From the data below, set down exactly the lines between the one holding "(\<exists>C. \<forall>h. hnorm" and the one holding "('h \<Rightarrow> 'h::ab_group_add) set", inclusive, and no others.

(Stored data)
*** Block opens ***
(* Let $M$ be a II$_1$-factor (with separable predual) acting standardly on $L^2(M)$, and let $M_k \subset M$ ($k \in \mathbb{N}$) be von Neumann subalgebras. Let $E_k : M \to M_k$ be the unique normal trace-preserving conditional expectation onto $M_k$. Then for every $x \in \liminf_{k\to\infty} M_k$, one has $E_k(x) \to x$ in the strong-$*$ topology.
   Context: For a II$_1$-factor $M$ with unique tracial state $\tau$, $L^2(M)$ is the GNS space of $\tau$ and $M \subset B(L^2(M))$ is the GNS (standard) representation. For von Neumann subalgebras $M_k \subset B(H)$, define $\liminf_{k\to\infty} M_k = \{x \in B(H) : \exists\, x_k \in M_k \text{ with } x_k \to x \text{ in the strong-}*\text{ topology}\}$. *)

theory Defs
  imports "HOL-Analysis.Analysis"
begin

text \<open>A complex Hilbert space is given on a type 'h (with its additive group structure)
  by a complex scalar multiplication sm and an inner product ip (linear in the first
  argument, conjugate-linear in the second).\<close>

type_synonym 'h hsp = "(complex \<Rightarrow> 'h \<Rightarrow> 'h) \<times> ('h \<Rightarrow> 'h \<Rightarrow> complex)"

definition hnorm :: "'h hsp \<Rightarrow> 'h \<Rightarrow> real" where
  "hnorm S h = sqrt (Re (snd S h h))"

definition hilbert_space :: "('h::ab_group_add) hsp \<Rightarrow> bool" where
  "hilbert_space S \<longleftrightarrow> (let sm = fst S; ip = snd S in
     (\<forall>h. sm 1 h = h) \<and>
     (\<forall>a b h. sm (a * b) h = sm a (sm b h)) \<and>
     (\<forall>a b h. sm (a + b) h = sm a h + sm b h) \<and>
     (\<forall>a h g. sm a (h + g) = sm a h + sm a g) \<and>
     (\<forall>h g k. ip (h + g) k = ip h k + ip g k) \<and>
     (\<forall>a h k. ip (sm a h) k = a * ip h k) \<and>
     (\<forall>h k. ip h k = cnj (ip k h)) \<and>
     (\<forall>h. Im (ip h h) = 0 \<and> Re (ip h h) \<ge> 0) \<and>
     (\<forall>h. ip h h = 0 \<longrightarrow> h = 0) \<and>
     (\<forall>X :: nat \<Rightarrow> 'h. (\<forall>e>0. \<exists>N. \<forall>m\<ge>N. \<forall>n\<ge>N. hnorm S (X m - X n) < e)
          \<longrightarrow> (\<exists>l. (\<lambda>n. hnorm S (X n - l)) \<longlonglongrightarrow> 0)))"

definition separable_hs :: "('h::ab_group_add) hsp \<Rightarrow> bool" where
  "separable_hs S \<longleftrightarrow> (\<exists>D. countable D \<and> (\<forall>h. \<forall>e>0. \<exists>d\<in>D. hnorm S (h - d) < e))"

definition bounded_op :: "('h::ab_group_add) hsp \<Rightarrow> ('h \<Rightarrow> 'h) \<Rightarrow> bool" where
  "bounded_op S x \<longleftrightarrow> (\<forall>h g. x (h + g) = x h + x g) \<and> (\<forall>a h. x (fst S a h) = fst S a (x h))
     \<and> (\<exists>C. \<forall>h. hnorm S (x h) \<le> C * hnorm S h)"

definition adj :: "'h hsp \<Rightarrow> ('h \<Rightarrow> 'h) \<Rightarrow> ('h \<Rightarrow> 'h)" where
  "adj S x = (SOME y. \<forall>h g. snd S (x h) g = snd S h (y g))"

definition op_add :: "('h \<Rightarrow> 'h::ab_group_add) \<Rightarrow> ('h \<Rightarrow> 'h) \<Rightarrow> ('h \<Rightarrow> 'h)" where
  "op_add x y = (\<lambda>h. x h + y h)"

definition op_diff :: "('h \<Rightarrow> 'h::ab_group_add) \<Rightarrow> ('h \<Rightarrow> 'h) \<Rightarrow> ('h \<Rightarrow> 'h)" where
  "op_diff x y = (\<lambda>h. x h - y h)"

definition op_smult :: "'h hsp \<Rightarrow> complex \<Rightarrow> ('h \<Rightarrow> 'h) \<Rightarrow> ('h \<Rightarrow> 'h)" where
  "op_smult S a x = (\<lambda>h. fst S a (x h))"

definition commutant :: "('h::ab_group_add) hsp \<Rightarrow> ('h \<Rightarrow> 'h) set \<Rightarrow> ('h \<Rightarrow> 'h) set" where
  "commutant S A = {y. bounded_op S y \<and> (\<forall>x\<in>A. x \<circ> y = y \<circ> x)}"

definition vN_algebra :: "('h::ab_group_add) hsp \<Rightarrow> ('h \<Rightarrow> 'h) set \<Rightarrow> bool" where
  "vN_algebra S M \<longleftrightarrow> (\<forall>x\<in>M. bounded_op S x) \<and> id \<in> M \<and>
     (\<forall>x\<in>M. \<forall>y\<in>M. op_add x y \<in> M \<and> x \<circ> y \<in> M) \<and>
     (\<forall>a. \<forall>x\<in>M. op_smult S a x \<in> M) \<and> (\<forall>x\<in>M. adj S x \<in> M) \<and>
     M = commutant S (commutant S M)"

definition factor :: "('h::ab_group_add) hsp \<Rightarrow> ('h \<Rightarrow> 'h) set \<Rightarrow> bool" where
  "factor S M \<longleftrightarrow> M \<inter> commutant S M = {op_smult S c id | c. True}"

definition op_span :: "'h hsp \<Rightarrow> ('h \<Rightarrow> 'h::ab_group_add) set \<Rightarrow> ('h \<Rightarrow> 'h) set" where
  "op_span S F = {(\<lambda>h. \<Sum>f\<in>F. fst S (c f) (f h)) | c. True}"

definition infinite_dim :: "('h::ab_group_add) hsp \<Rightarrow> ('h \<Rightarrow> 'h) set \<Rightarrow> bool" where
  "infinite_dim S M \<longleftrightarrow> (\<forall>F. finite F \<and> F \<subseteq> M \<longrightarrow> \<not> M \<subseteq> op_span S F)"

definition positive_op :: "('h::ab_group_add) hsp \<Rightarrow> ('h \<Rightarrow> 'h) \<Rightarrow> bool" where
  "positive_op S x \<longleftrightarrow> bounded_op S x \<and> (\<forall>h. Im (snd S (x h) h) = 0 \<and> Re (snd S (x h) h) \<ge> 0)"

definition self_adjoint :: "('h::ab_group_add) hsp \<Rightarrow> ('h \<Rightarrow> 'h) \<Rightarrow> bool" where
  "self_adjoint S x \<longleftrightarrow> bounded_op S x \<and> adj S x = x"

definition op_le :: "('h::ab_group_add) hsp \<Rightarrow> ('h \<Rightarrow> 'h) \<Rightarrow> ('h \<Rightarrow> 'h) \<Rightarrow> bool" where
  "op_le S x y \<longleftrightarrow> positive_op S (op_diff y x)"

definition is_op_sup :: "('h::ab_group_add) hsp \<Rightarrow> ('h \<Rightarrow> 'h) set \<Rightarrow> ('h \<Rightarrow> 'h) \<Rightarrow> bool" where
  "is_op_sup S D x \<longleftrightarrow> self_adjoint S x \<and> (\<forall>d\<in>D. op_le S d x) \<and>
     (\<forall>y. self_adjoint S y \<and> (\<forall>d\<in>D. op_le S d y) \<longrightarrow> op_le S x y)"

definition incr_family :: "('h::ab_group_add) hsp \<Rightarrow> ('h \<Rightarrow> 'h) set \<Rightarrow> ('h \<Rightarrow> 'h) set \<Rightarrow> bool" where
  "incr_family S M D \<longleftrightarrow> D \<noteq> {} \<and> D \<subseteq> M \<and> (\<forall>d\<in>D. self_adjoint S d) \<and>
     (\<forall>a\<in>D. \<forall>b\<in>D. \<exists>c\<in>D. op_le S a c \<and> op_le S b c) \<and>
     (\<exists>y. self_adjoint S y \<and> (\<forall>d\<in>D. op_le S d y))"

definition state :: "('h::ab_group_add) hsp \<Rightarrow> ('h \<Rightarrow> 'h) set \<Rightarrow> (('h \<Rightarrow> 'h) \<Rightarrow> complex) \<Rightarrow> bool" where
  "state S M \<tau> \<longleftrightarrow> (\<forall>x\<in>M. \<forall>y\<in>M. \<tau> (op_add x y) = \<tau> x + \<tau> y) \<and>
     (\<forall>a. \<forall>x\<in>M. \<tau> (op_smult S a x) = a * \<tau> x) \<and>
     (\<forall>x\<in>M. positive_op S x \<longrightarrow> Im (\<tau> x) = 0 \<and> Re (\<tau> x) \<ge> 0) \<and> \<tau> id = 1"

definition tracial :: "('h::ab_group_add) hsp \<Rightarrow> ('h \<Rightarrow> 'h) set \<Rightarrow> (('h \<Rightarrow> 'h) \<Rightarrow> complex) \<Rightarrow> bool" where
  "tracial S M \<tau> \<longleftrightarrow> (\<forall>x\<in>M. \<forall>y\<in>M. \<tau> (x \<circ> y) = \<tau> (y \<circ> x))"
*** Block closes ***
Exercise answer >>
     \<and> (\<exists>C. \<forall>h. hnorm S (x h) \<le> C * hnorm S h)"

definition adj :: "'h hsp \<Rightarrow> ('h \<Rightarrow> 'h) \<Rightarrow> ('h \<Rightarrow> 'h)" where
  "adj S x = (SOME y. \<forall>h g. snd S (x h) g = snd S h (y g))"

definition op_add :: "('h \<Rightarrow> 'h::ab_group_add) \<Rightarrow> ('h \<Rightarrow> 'h) \<Rightarrow> ('h \<Rightarrow> 'h)" where
  "op_add x y = (\<lambda>h. x h + y h)"

definition op_diff :: "('h \<Rightarrow> 'h::ab_group_add) \<Rightarrow> ('h \<Rightarrow> 'h) \<Rightarrow> ('h \<Rightarrow> 'h)" where
  "op_diff x y = (\<lambda>h. x h - y h)"

definition op_smult :: "'h hsp \<Rightarrow> complex \<Rightarrow> ('h \<Rightarrow> 'h) \<Rightarrow> ('h \<Rightarrow> 'h)" where
  "op_smult S a x = (\<lambda>h. fst S a (x h))"

definition commutant :: "('h::ab_group_add) hsp \<Rightarrow> ('h \<Rightarrow> 'h) set \<Rightarrow> ('h \<Rightarrow> 'h) set" where
  "commutant S A = {y. bounded_op S y \<and> (\<forall>x\<in>A. x \<circ> y = y \<circ> x)}"

definition vN_algebra :: "('h::ab_group_add) hsp \<Rightarrow> ('h \<Rightarrow> 'h) set \<Rightarrow> bool" where
  "vN_algebra S M \<longleftrightarrow> (\<forall>x\<in>M. bounded_op S x) \<and> id \<in> M \<and>
     (\<forall>x\<in>M. \<forall>y\<in>M. op_add x y \<in> M \<and> x \<circ> y \<in> M) \<and>
     (\<forall>a. \<forall>x\<in>M. op_smult S a x \<in> M) \<and> (\<forall>x\<in>M. adj S x \<in> M) \<and>
     M = commutant S (commutant S M)"

definition factor :: "('h::ab_group_add) hsp \<Rightarrow> ('h \<Rightarrow> 'h) set \<Rightarrow> bool" where
  "factor S M \<longleftrightarrow> M \<inter> commutant S M = {op_smult S c id | c. True}"

definition op_span :: "'h hsp \<Rightarrow> ('h \<Rightarrow> 'h::ab_group_add) set \<Rightarrow> ('h \<Rightarrow> 'h) set" where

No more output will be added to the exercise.